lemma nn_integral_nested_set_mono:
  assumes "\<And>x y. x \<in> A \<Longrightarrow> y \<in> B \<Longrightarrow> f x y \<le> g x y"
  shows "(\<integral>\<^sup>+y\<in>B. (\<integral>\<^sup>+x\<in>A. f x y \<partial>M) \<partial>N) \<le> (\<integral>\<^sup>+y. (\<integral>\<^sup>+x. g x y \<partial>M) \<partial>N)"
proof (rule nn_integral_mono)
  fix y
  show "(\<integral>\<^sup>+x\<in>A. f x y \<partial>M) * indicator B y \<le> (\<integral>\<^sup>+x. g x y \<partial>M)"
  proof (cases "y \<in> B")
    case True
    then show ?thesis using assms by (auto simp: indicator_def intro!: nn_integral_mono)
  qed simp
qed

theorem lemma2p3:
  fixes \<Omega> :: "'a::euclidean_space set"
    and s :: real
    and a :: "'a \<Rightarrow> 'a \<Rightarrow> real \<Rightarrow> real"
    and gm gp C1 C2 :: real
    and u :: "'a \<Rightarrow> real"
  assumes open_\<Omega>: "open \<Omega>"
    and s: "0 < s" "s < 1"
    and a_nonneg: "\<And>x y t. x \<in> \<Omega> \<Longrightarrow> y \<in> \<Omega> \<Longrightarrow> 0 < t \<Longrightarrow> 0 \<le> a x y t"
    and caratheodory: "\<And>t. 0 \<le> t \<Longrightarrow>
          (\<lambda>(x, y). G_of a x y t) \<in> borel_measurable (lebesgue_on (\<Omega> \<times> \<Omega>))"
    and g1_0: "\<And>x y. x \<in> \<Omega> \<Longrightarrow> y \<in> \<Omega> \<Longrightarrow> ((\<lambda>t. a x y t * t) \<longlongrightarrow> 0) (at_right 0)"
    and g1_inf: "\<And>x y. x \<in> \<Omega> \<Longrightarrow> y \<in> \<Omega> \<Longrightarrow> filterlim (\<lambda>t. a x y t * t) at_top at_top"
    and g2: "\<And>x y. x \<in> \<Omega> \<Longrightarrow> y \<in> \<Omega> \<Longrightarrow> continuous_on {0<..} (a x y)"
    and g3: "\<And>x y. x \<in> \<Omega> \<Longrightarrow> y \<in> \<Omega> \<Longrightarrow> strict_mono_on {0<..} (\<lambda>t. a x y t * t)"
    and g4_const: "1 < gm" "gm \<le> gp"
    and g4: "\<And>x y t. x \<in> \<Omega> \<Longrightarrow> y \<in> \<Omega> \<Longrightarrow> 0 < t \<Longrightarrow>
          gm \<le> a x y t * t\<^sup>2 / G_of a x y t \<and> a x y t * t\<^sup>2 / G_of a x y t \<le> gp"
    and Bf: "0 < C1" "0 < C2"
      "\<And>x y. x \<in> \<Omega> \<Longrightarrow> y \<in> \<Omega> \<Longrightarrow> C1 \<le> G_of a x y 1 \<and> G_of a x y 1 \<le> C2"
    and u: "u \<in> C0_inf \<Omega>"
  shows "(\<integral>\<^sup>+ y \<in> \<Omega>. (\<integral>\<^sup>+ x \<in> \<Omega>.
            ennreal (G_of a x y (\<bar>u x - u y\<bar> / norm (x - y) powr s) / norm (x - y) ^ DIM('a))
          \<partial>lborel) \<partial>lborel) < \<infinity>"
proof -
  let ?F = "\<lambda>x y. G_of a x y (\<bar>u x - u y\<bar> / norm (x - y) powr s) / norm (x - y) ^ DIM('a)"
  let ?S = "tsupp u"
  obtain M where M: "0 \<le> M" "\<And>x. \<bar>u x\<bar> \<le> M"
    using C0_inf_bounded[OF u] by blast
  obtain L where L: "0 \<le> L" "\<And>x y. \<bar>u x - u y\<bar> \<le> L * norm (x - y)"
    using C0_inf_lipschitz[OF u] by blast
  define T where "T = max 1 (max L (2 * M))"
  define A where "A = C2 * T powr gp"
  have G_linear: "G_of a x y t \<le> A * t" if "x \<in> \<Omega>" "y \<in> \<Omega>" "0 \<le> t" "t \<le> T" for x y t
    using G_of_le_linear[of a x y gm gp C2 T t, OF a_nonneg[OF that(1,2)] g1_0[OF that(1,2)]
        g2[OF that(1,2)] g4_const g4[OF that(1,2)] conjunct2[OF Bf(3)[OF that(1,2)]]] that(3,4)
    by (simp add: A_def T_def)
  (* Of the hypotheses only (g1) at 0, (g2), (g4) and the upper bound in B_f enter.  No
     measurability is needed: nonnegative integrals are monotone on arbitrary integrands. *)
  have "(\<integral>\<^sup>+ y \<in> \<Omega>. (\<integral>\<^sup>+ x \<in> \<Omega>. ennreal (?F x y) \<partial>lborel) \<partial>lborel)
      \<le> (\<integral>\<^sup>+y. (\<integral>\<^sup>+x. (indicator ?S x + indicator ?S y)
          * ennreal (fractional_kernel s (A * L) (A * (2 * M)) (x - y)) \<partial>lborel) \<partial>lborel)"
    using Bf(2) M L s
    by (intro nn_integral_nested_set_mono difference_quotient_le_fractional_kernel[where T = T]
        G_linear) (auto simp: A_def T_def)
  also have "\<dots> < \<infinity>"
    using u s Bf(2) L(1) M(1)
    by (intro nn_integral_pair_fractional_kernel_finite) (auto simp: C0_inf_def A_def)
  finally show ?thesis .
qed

───

■ What the exercise asks: Could you print the lines above, exactly as written, from the line containing "using u s Bf(2) L(1) M(1)" through the final one?

■ The answer:
    using u s Bf(2) L(1) M(1)
    by (intro nn_integral_pair_fractional_kernel_finite) (auto simp: C0_inf_def A_def)
  finally show ?thesis .
qed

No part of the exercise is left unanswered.